Comment s'approprier certains éléments du programme

Freins identifiés par la structure, et comment les éviter ou les réduire

Difficultés des professionnels à mobiliser les publics

Complexité de la mobilisation. Comme souvent, les acteurs rencontrent des difficultés à recruter des habitants ou à maintenir la mobilisation sur le long terme : les habitants déménagent ou ne sont plus disponibles, les priorités changent, etc.
Dans le cadre scolaire, les professionnels éprouvent les mêmes difficultés. Il s’agit très souvent d’un même petit nombre de parents très investis qui s’engagent.
Par ailleurs, la grande majorité des habitants mobilisés sont des femmes, la coopérative d’acteurs peinant à recruter des hommes.

Les leviers pour mobiliser les habitants : réseaux sociaux, conditions d’accueil, convivialité, posture des animateurs, communication à différents niveaux…

Voir le paragraphe consacré aux leviers de mobilisation – page 13

Impact de la crise sanitaire et des mesures politiques

Temps important consacré à d’autres sujets que la nutrition.

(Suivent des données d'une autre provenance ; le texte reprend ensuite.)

(* Let $k\ge2$, $K\ge1$ be integers, let $R\ge k$ be an integer and $L$ a positive integer divisible by $R^{K-1}$. For $A$ dividing $L$ let $f_A=(\mathsf{1}^A\mathsf{2}^A\cdots\mathsf{k}^A)^{L/A}\in[k]^{kL}$, and for a word $w$ over $[K]$ let $\hat w$ be the word over $[k]$ obtained by replacing each symbol $l\in[K]$ of $w$ by $f_{R^{l-1}}$. Let $w_1,w_2$ be words over $[K]$ and let $s=(w_1',w_2')$ be a badly-matched common subsequence between $\hat w_1$ and $\hat w_2$. Then \[\operatorname{span} w_1'+\operatorname{span} w_2'\ \ge\ \left(k+1-\frac kR-\frac{8R^{K-1}}{L}\right)\operatorname{len} s-16R^{K-1}.\]
   Context: $\alpha^A$ denotes letter $\alpha$ repeated $A$ times, and $u^m$ denotes $m$ concatenated copies of the word $u$. Symbols are distinguishable positions. If a symbol $x$ of $\hat w$ arises from expanding the symbol $y$ of $w$, then $y$ is the parent of $x$. A common subsequence of words $u_1,u_2$ is a pair $(u_1',u_2')$ of subsequences of $u_1,u_2$ that are equal as words, with length $\operatorname{len}$ their common length. For a common subsequence $(w_1',w_2')$ of $\hat w_1,\hat w_2$, its $i$-th symbol is well-matched if the parents of $w_1'[i]$ and $w_2'[i]$ are the same letter of $[K]$; the common subsequence is badly-matched if none of its symbols is well-matched. The span of a subsequence $w'$ in $w$ is the length of the shortest subword (block of consecutive symbols) of $w$ containing $w'$; $\operatorname{span} w_1'$ is taken in $\hat w_1$ and $\operatorname{span}w_2'$ in $\hat w_2$. *)

theory Defs
  imports Complex_Main
begin

text \<open>Words are lists of naturals; the alphabet [k] is {1..k}.\<close>

definition fword :: "nat \<Rightarrow> nat \<Rightarrow> nat \<Rightarrow> nat list" where
  "fword k L A = concat (replicate (L div A) (concat (map (\<lambda>c. replicate A c) [1..<Suc k])))"

definition hat :: "nat \<Rightarrow> nat \<Rightarrow> nat \<Rightarrow> nat list \<Rightarrow> nat list" where
  "hat k L R w = concat (map (\<lambda>l. fword k L (R ^ (l - 1))) w)"

definition subseq_idx :: "nat list \<Rightarrow> 'a list \<Rightarrow> bool" where
  "subseq_idx I u \<longleftrightarrow> sorted_wrt (<) I \<and> (\<forall>i\<in>set I. i < length u)"

definition common_subseq :: "'a list \<Rightarrow> 'a list \<Rightarrow> nat list \<Rightarrow> nat list \<Rightarrow> bool" where
  "common_subseq u1 u2 I1 I2 \<longleftrightarrow> subseq_idx I1 u1 \<and> subseq_idx I2 u2 \<and>
     length I1 = length I2 \<and> (\<forall>i<length I1. u1 ! (I1 ! i) = u2 ! (I2 ! i))"

text \<open>Parent letter (in w) of position p of hat w: each letter of w expands to a block
  of length k*L (valid when every R^(l-1) divides L).\<close>
definition parent :: "nat \<Rightarrow> nat \<Rightarrow> nat list \<Rightarrow> nat \<Rightarrow> nat" where
  "parent k L w p = w ! (p div (k * L))"

definition badly_matched :: "nat \<Rightarrow> nat \<Rightarrow> nat list \<Rightarrow> nat list \<Rightarrow> nat list \<Rightarrow> nat list \<Rightarrow> bool" where
  "badly_matched k L w1 w2 I1 I2 \<longleftrightarrow>
     (\<forall>i<length I1. parent k L w1 (I1 ! i) \<noteq> parent k L w2 (I2 ! i))"

definition span :: "nat list \<Rightarrow> nat" where
  "span I = (if I = [] then 0 else last I - hd I + 1)"

end

theory Submission
  imports Defs
begin

text \<open>At each match the parent
  letters differ, so the runs of equal letters through \<open>p\<^sub>j\<close> and \<open>q\<^sub>j\<close> have lengths
  \<open>a\<close>, \<open>b\<close> with, say, \<open>R a \<le> b\<close>. Give the match the potential
  \<open>(k - 1) (p mod a) - (k / R) (q mod b)\<close>. Between consecutive matches inside the same
  pair of parent blocks the distance travelled in both words plus the increase of the potential
  is at least \<open>k + 1 - k / R\<close>: if the coarse position stays in its run, the fine position must
  come back to the same letter, which takes a full period of \<open>k\<close> runs or an increase of its
  offset; if it enters a new run, it travels at least \<open>b \<ge> R a\<close>, which pays for the loss of
  fine offset. The potential is bounded by \<open>R ^ (K - 1)\<close>, so each change of parent block costs
  at most \<open>4 R ^ (K - 1)\<close>, and in each word the number of such changes is at most its span
  divided by the block length \<open>k L\<close>, plus one.\<close>

lemma nth_concat_uniform:
  assumes "\<forall>xs\<in>set xss. length xs = m" "p < length xss * m"
  shows "concat xss ! p = xss ! (p div m) ! (p mod m)"
  using assms
proof (induction xss arbitrary: p)
  case Nil
  then show ?case by simp
next
  case (Cons xs xss)
  have lx: "length xs = m" and m0: "m > 0"
    using Cons.prems by (auto intro: gr0I)
  show ?case
  proof (cases "p < m")
    case True
    then show ?thesis using lx by (simp add: nth_append)
  next
    case False
    have "concat xss ! (p - m) = xss ! ((p - m) div m) ! ((p - m) mod m)"
      using Cons False by auto
    moreover have "(p - m) div m = p div m - 1" "(p - m) mod m = p mod m" "p div m \<ge> 1"
      using False m0 by (simp_all add: le_div_geq le_mod_geq)
    ultimately show ?thesis using lx False by (simp add: nth_append nth_Cons')
  qed
qed

lemma length_concat_uniform:
  "\<forall>xs\<in>set xss. length xs = m \<Longrightarrow> length (concat xss) = length xss * m"
  by (induction xss) auto

lemma length_fword:
  assumes "A dvd L" "A > 0"
  shows "length (fword k L A) = k * L"
proof -
  have "length (fword k L A) = L div A * (k * A)"
    by (simp add: fword_def length_concat o_def sum_list_triv sum_list_replicate del: upt_Suc)
  then show ?thesis using assms by simp
qed

lemma nth_fword:
  assumes "A dvd L" "A > 0" "j < k * L"
  shows "fword k L A ! j = (j div A) mod k + 1"
proof -
  define run where "run = concat (map (\<lambda>c. replicate A c) [1..<Suc k])"
  have run: "length run = k * A"
    unfolding run_def by (simp add: length_concat o_def sum_list_triv del: upt_Suc)
  have kA: "k * A > 0" using assms by (cases k) auto
  have L: "L div A * (k * A) = k * L"
    using assms(1,2) by (metis dvd_div_mult_self mult.commute mult.left_commute)
  have "fword k L A ! j = replicate (L div A) run ! (j div (k * A)) ! (j mod (k * A))"
    unfolding fword_def run_def[symmetric]
  proof (rule nth_concat_uniform)
    show "j < length (replicate (L div A) run) * (k * A)"
      using L assms(3) by (simp only: length_replicate)
  qed (simp add: run)
  also have "\<dots> = run ! (j mod (k * A))"
  proof -
    have "j div (k * A) < L div A"
      using assms(3) L kA by (metis div_less_iff_less_mult)
    then show ?thesis by simp
  qed
  also have "\<dots> = (j mod (k * A)) div A + 1"
  proof -
    have "j mod (k * A) div A < k"
      using kA by (simp add: div_less_iff_less_mult assms(2))
    then show ?thesis
      unfolding run_def using kA
      by (subst nth_concat_uniform[where m = A]) (auto simp del: upt_Suc)
  qed
  also have "(j mod (k * A)) div A = (j div A) mod k"
    using mod_mult2_eq[of j A k] assms(2) by (simp add: mult.commute)
  finally show ?thesis .
qed

definition run_length :: "nat \<Rightarrow> nat \<Rightarrow> nat \<Rightarrow> nat list \<Rightarrow> nat \<Rightarrow> nat" where
  "run_length k L R w p = R ^ (parent k L w p - 1)"

lemma letter_power_dvd:
  fixes R L K :: nat and w :: "nat list"
  assumes "R ^ (K - 1) dvd L" "set w \<subseteq> {1..K}"
  shows "\<forall>l\<in>set w. R ^ (l - 1) dvd L"
proof
  fix l assume "l \<in> set w"
  then have "l \<le> K" using assms(2) by auto
  then have "l - 1 \<le> K - 1" by (rule diff_le_mono)
  then have "R ^ (l - 1) dvd R ^ (K - 1)" by (rule le_imp_power_dvd)
  then show "R ^ (l - 1) dvd L" using assms(1) by (rule dvd_trans)
qed

lemma length_hat:
  assumes "\<forall>l\<in>set w. R ^ (l - 1) dvd L" "R > 0"
  shows "length (hat k L R w) = length w * (k * L)"
  unfolding hat_def using assms
  by (subst length_concat_uniform[where m = "k * L"]) (auto simp: length_fword)

lemma mod_period_div_mod:
  fixes p A k L :: nat
  assumes "A dvd L" "A > 0"
  shows "(p mod (k * L) div A) mod k = (p div A) mod k"
proof -
  obtain m where L: "L = A * m" using assms(1) by blast
  have "p = A * (k * m * (p div (k * L))) + p mod (k * L)"
    using div_mult_mod_eq[of p "k * L"] L by (simp add: ac_simps)
  then have "p div A = k * m * (p div (k * L)) + p mod (k * L) div A"
    using assms(2) by (metis div_mult_self3 add.commute mult.commute neq0_conv)
  then show ?thesis by (simp add: mult.assoc)
qed

lemma nth_hat:
  assumes "\<forall>l\<in>set w. R ^ (l - 1) dvd L" "R > 0" "p < length (hat k L R w)"
  shows "hat k L R w ! p = (p div run_length k L R w p) mod k + 1"
proof -
  define A where "A = run_length k L R w p"
  have p: "p < length w * (k * L)" using assms length_hat by metis
  then have kL: "k * L > 0" by (cases "k * L") auto
  have block: "p div (k * L) < length w"
    using p kL by (simp add: div_less_iff_less_mult)
  have A: "A = R ^ (w ! (p div (k * L)) - 1)"
    unfolding A_def run_length_def parent_def ..
  have "A dvd L" "A > 0"
    unfolding A using assms(1,2) block by auto
  have "hat k L R w ! p = map (\<lambda>l. fword k L (R ^ (l - 1))) w ! (p div (k * L)) ! (p mod (k * L))"
    unfolding hat_def using assms(1,2) p by (intro nth_concat_uniform) (auto simp: length_fword)
  also have "\<dots> = fword k L A ! (p mod (k * L))"
    using block by (simp add: A)
  also have "\<dots> = (p mod (k * L) div A) mod k + 1"
    using \<open>A dvd L\<close> \<open>A > 0\<close> kL by (intro nth_fword) auto
  also have "\<dots> = (p div A) mod k + 1"
    using \<open>A dvd L\<close> \<open>A > 0\<close> by (simp add: mod_period_div_mod)
  finally show ?thesis unfolding A_def .
qed

lemma parent_in_alphabet:
  assumes "R ^ (K - 1) dvd L" "R > 0" "set w \<subseteq> {1..K}" "p < length (hat k L R w)"
  shows "parent k L w p \<in> {1..K}"
proof -
  have "p < length w * (k * L)"
    using assms length_hat letter_power_dvd by metis
  then have "p div (k * L) < length w"
    by (cases "k * L") (auto simp: div_less_iff_less_mult)
  then show ?thesis using assms(3) nth_mem unfolding parent_def by blast
qed

lemma power_separated:
  fixes R :: nat
  assumes "m \<noteq> n" "R > 0"
  shows "R * R ^ m \<le> R ^ n \<or> R * R ^ n \<le> R ^ m"
  using assms by (cases "m < n") (auto intro: power_increasing simp flip: power_Suc)

lemma mod_eq_imp_add_le:
  fixes u u' k :: nat
  assumes "u < u'" "u mod k = u' mod k"
  shows "u + k \<le> u'"
proof -
  obtain c where c: "u' - u = k * c"
    using assms mod_eq_dvd_iff_nat[of u u' k] by (auto elim: dvdE)
  then have "c \<ge> 1" using assms(1) by (cases c) auto
  then have "k \<le> k * c" by simp
  then show ?thesis using c assms(1) by linarith
qed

Au vu du contexte sanitaire, le besoin de communiquer et de lutter contre l’isolement social est devenu très important. La nutrition n’était plus une priorité. Le climat d’inquiétude et d’anxiété a encouragé les professionnels à se recentrer sur la Covid-19 et à prendre des nouvelles des habitants et de leurs proches, à répondre à leurs besoins et à les informer. Les professionnels, notamment les 2 services civiques, n’étaient pas préparés à cette situation.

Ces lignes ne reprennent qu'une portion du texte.